Chains converge to different results

I’m running a polynomial regression between a multimodal temperature variable “temperature” and a normally-distributed variable “gdp”. I am having trouble understanding why the sampling chains in my regression analysis converge to two distinct values for the regression coefficients. Model code below:

with pm.Model() as model:
    
    temp_prior = pm.Normal("temp_prior", 0, 30, shape=(1,3))
    temp_std = pm.HalfNormal("temp_std", 30, shape=3)
    temp_mixture_weights = pm.Dirichlet("temp_mixture_weights", np.array([1]*3))
    temperature = pm.NormalMixture(
        "temperature", 
        temp_mixture_weights, 
        temp_prior, 
        temp_std, 
        observed=temperature_observed
    )
   
    coef1 = pm.Normal('temp_gdp_change_coef',0,10)
    coef2 = pm.Normal('temp_gdp_change_coef2',0,10)
    intercept = pm.Normal('intercept',0,10)
   
    gdp_prior = pm.Deterministic(
        "gdp_prior",
        intercept + 
        (coef1 * temperature) + 
        (coef2 * pt.sqr(temperature))
    )
    gdp_std = pm.HalfNormal('gdp_std', sigma=10)
    gdp = pm.Normal('gdp', mu=gdp_prior, sigma=gdp_std, observed=gdp_observed)

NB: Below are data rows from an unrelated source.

(* Let $a,b>0$, $A=(0,a)\times(0,b)$ and $\Gamma=(0,a)\times\{0\}$. Then $$K(\Gamma,A)=\frac{\pi}{a\tanh\left(\frac{\pi b}{a}\right)}.$$
   Context: $K(\Gamma,A)=\inf\{\int_A|\nabla v|^2\,dx\,dy: v\in H^1(A),\ \int_\Gamma v^2\,d\mathcal{H}^1=1,\ v=0\text{ on }\partial A\setminus\Gamma\}$, where $\mathcal{H}^1$ is the one-dimensional Hausdorff measure and boundary values are traces. *)

theory Defs
  imports "HOL-Analysis.Analysis"
begin

definition C1_fun :: "(real \<times> real \<Rightarrow> real) \<Rightarrow> (real \<times> real \<Rightarrow> (real \<times> real) \<Rightarrow>\<^sub>L real) \<Rightarrow> bool" where
  "C1_fun \<phi> D \<longleftrightarrow> (\<forall>z. (\<phi> has_derivative blinfun_apply (D z)) (at z)) \<and> continuous_on UNIV D"

definition L2_on :: "(real \<times> real) set \<Rightarrow> (real \<times> real \<Rightarrow> real) \<Rightarrow> bool" where
  "L2_on U f \<longleftrightarrow> set_borel_measurable lborel U f \<and> set_integrable lborel U (\<lambda>z. (f z)\<^sup>2)"

definition weak_grad :: "(real \<times> real) set \<Rightarrow> (real \<times> real \<Rightarrow> real) \<Rightarrow>
    (real \<times> real \<Rightarrow> real) \<Rightarrow> (real \<times> real \<Rightarrow> real) \<Rightarrow> bool" where
  "weak_grad U v g1 g2 \<longleftrightarrow>
    (\<forall>\<phi> D. C1_fun \<phi> D \<and> compact (closure {z. \<phi> z \<noteq> 0}) \<and> closure {z. \<phi> z \<noteq> 0} \<subseteq> U \<longrightarrow>
       (LINT z:U|lborel. v z * D z (1,0)) = - (LINT z:U|lborel. g1 z * \<phi> z) \<and>
       (LINT z:U|lborel. v z * D z (0,1)) = - (LINT z:U|lborel. g2 z * \<phi> z))"

definition H1_on :: "(real \<times> real) set \<Rightarrow> (real \<times> real \<Rightarrow> real) \<Rightarrow>
    (real \<times> real \<Rightarrow> real) \<Rightarrow> (real \<times> real \<Rightarrow> real) \<Rightarrow> bool" where
  "H1_on U v g1 g2 \<longleftrightarrow> L2_on U v \<and> L2_on U g1 \<and> L2_on U g2 \<and> weak_grad U v g1 g2"

definition rect :: "real \<Rightarrow> real \<Rightarrow> (real \<times> real) set" where
  "rect a b = {0<..<a} \<times> {0<..<b}"

text \<open>Integral w.r.t. the 1-dimensional Hausdorff measure on the boundary of the
  rectangle (0,a)\<times>(0,b), i.e. the sum of the arc-length integrals over its four sides
  (nonnegative integrands).\<close>
definition bdry_nn_integral :: "real \<Rightarrow> real \<Rightarrow> (real \<times> real \<Rightarrow> ennreal) \<Rightarrow> ennreal" where
  "bdry_nn_integral a b f =
     (\<integral>\<^sup>+ x. indicator {0<..<a} x * f (x, 0) \<partial>lborel)
   + (\<integral>\<^sup>+ x. indicator {0<..<a} x * f (x, b) \<partial>lborel)
   + (\<integral>\<^sup>+ y. indicator {0<..<b} y * f (0, y) \<partial>lborel)
   + (\<integral>\<^sup>+ y. indicator {0<..<b} y * f (a, y) \<partial>lborel)"

text \<open>u is the trace on the boundary of the rectangle of v \<in> H^1 (with weak gradient
  (g1,g2)): the trace operator is the continuous extension of restriction to the boundary,
  i.e. u is the L^2(boundary) limit of the restrictions of C^1 functions w_n converging to v
  in H^1(rect a b).\<close>
definition rect_trace :: "real \<Rightarrow> real \<Rightarrow> (real \<times> real \<Rightarrow> real) \<Rightarrow>
    (real \<times> real \<Rightarrow> real) \<Rightarrow> (real \<times> real \<Rightarrow> real) \<Rightarrow> (real \<times> real \<Rightarrow> real) \<Rightarrow> bool" where
  "rect_trace a b v g1 g2 u \<longleftrightarrow>
     (\<lambda>x. u (x, 0)) \<in> borel_measurable lborel \<and> (\<lambda>x. u (x, b)) \<in> borel_measurable lborel \<and>
     (\<lambda>y. u (0, y)) \<in> borel_measurable lborel \<and> (\<lambda>y. u (a, y)) \<in> borel_measurable lborel \<and>
     (\<exists>w Dw. (\<forall>n. C1_fun (w n) (Dw n)) \<and>
        ((\<lambda>n. \<integral>\<^sup>+ z. indicator (rect a b) z *
              ennreal ((w n z - v z)\<^sup>2 + (Dw n z (1,0) - g1 z)\<^sup>2 + (Dw n z (0,1) - g2 z)\<^sup>2) \<partial>lborel)
          \<longlonglongrightarrow> 0) \<and>
        ((\<lambda>n. bdry_nn_integral a b (\<lambda>z. ennreal ((w n z - u z)\<^sup>2))) \<longlonglongrightarrow> 0))"

definition K_rect :: "real \<Rightarrow> real \<Rightarrow> real" where
  "K_rect a b = Inf {LINT z:rect a b|lborel. (g1 z)\<^sup>2 + (g2 z)\<^sup>2 | v g1 g2 u.
      H1_on (rect a b) v g1 g2 \<and> rect_trace a b v g1 g2 u \<and>
      (\<integral>\<^sup>+ x. indicator {0<..<a} x * ennreal ((u (x, 0))\<^sup>2) \<partial>lborel) = 1 \<and>
      (AE x in lborel. x \<in> {0<..<a} \<longrightarrow> u (x, b) = 0) \<and>
      (AE y in lborel. y \<in> {0..b} \<longrightarrow> u (0, y) = 0) \<and>
      (AE y in lborel. y \<in> {0..b} \<longrightarrow> u (a, y) = 0)}"

end

theory Submission
  imports Defs
begin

The traceplot shows that, for both the coef1 and coef2 variables, the chains converge on two different distributions. An independent regression analysis shows that for the upper plot, the rightward, more positive distribution is the “correct” answer, whereas for the lower plot, the leftward, more negative distribution is “correct”.

I’m wondering if anybody can help me to

  1. build intuition as to how different chains could converge to different values given the same problem
  2. help me to improve my model so that the chains can hopefully all converge to a single value that matches the result of the independent regression

Much appreciated!

My strong suspicion is that each solution the posterior finds is associated with a mixture component of temperature. You can dig into this by looking at az.plot_pair, coloring the scatter plots by chain.

You will also notice that the regression solution corresponds to the “peakier” of the two components. So I wouldn’t call that solution correct; it’s just finding the posterior mode and discarding all the information about the other regions of high probability.

It’s hard to suggest improvements without knowing more about the data, the underlying scientific model, and the type of question you’re trying to answer. Nevertheless, here’s some spitballing:

  • Why is temperature a mixture at all? If you just want to know the effect of temperature on GDP, why not just run that regression directly?

  • Is a mixture the best way to model the multi-modality in temperature, or is there a single indicator variable you can use to capture it (before/after a date? region?)?

  • If it’s too complex to be captured by simple indicator variables, maybe a GP prior over a continuous variable that can absorb the multi-modality, like time or longitude/latitude?

  • Maybe temperature and GDP should be jointly modeled as a SEM using a multivariate normal?

  • If the best way to model temperature really is with a mixture of components, maybe GDP should be such a mixture as well, and the whole model should be a mixture of two latent models?

Hi @jessegrabowski,

Thank you for this very thorough response. I modeled temperature as a mixture because my observed data is distributed with three distinct peaks. A unimodal Normal doesn’t seem to fit the data as well as the mixture, as seen in the graphic below.

However, doing so certainly brings the result more in line with the regression result (see traceplots below), but does not fit the data as well.

As you’ve alluded to, this temperature data is aggregated across various years and regions, which may be the reason for the multimodality. However, I’m interested in the global effect of temperature on GDP across time, which is why I am using this observed data.

I’m wondering what negative downstream effects using a model fit that looks as “off” as the first figure will have. Even if the sampling result now agrees with the regression, isn’t this approach missing out on fully capturing the distribution of the data?

Why are you interested in explicitly modeling an exogenous input to your regression?

@jessegrabowski I’m interested in recreating the results of the paper Global non-linear effect of temperature on economic production by Burke et al, but by learning distributions rather than point estimates in order to have a better idea of the uncertainty of the estimates as well as be able to combine this analysis as part of a larger, Bayesian-network type model. My data comes from the same source as was used in this paper.
Do you think that this approach is for some reason ill-suited for the type of data I am working with? I am new to statistical modeling and so any feedback or comments on this idea/approach is really appreciated and helpful.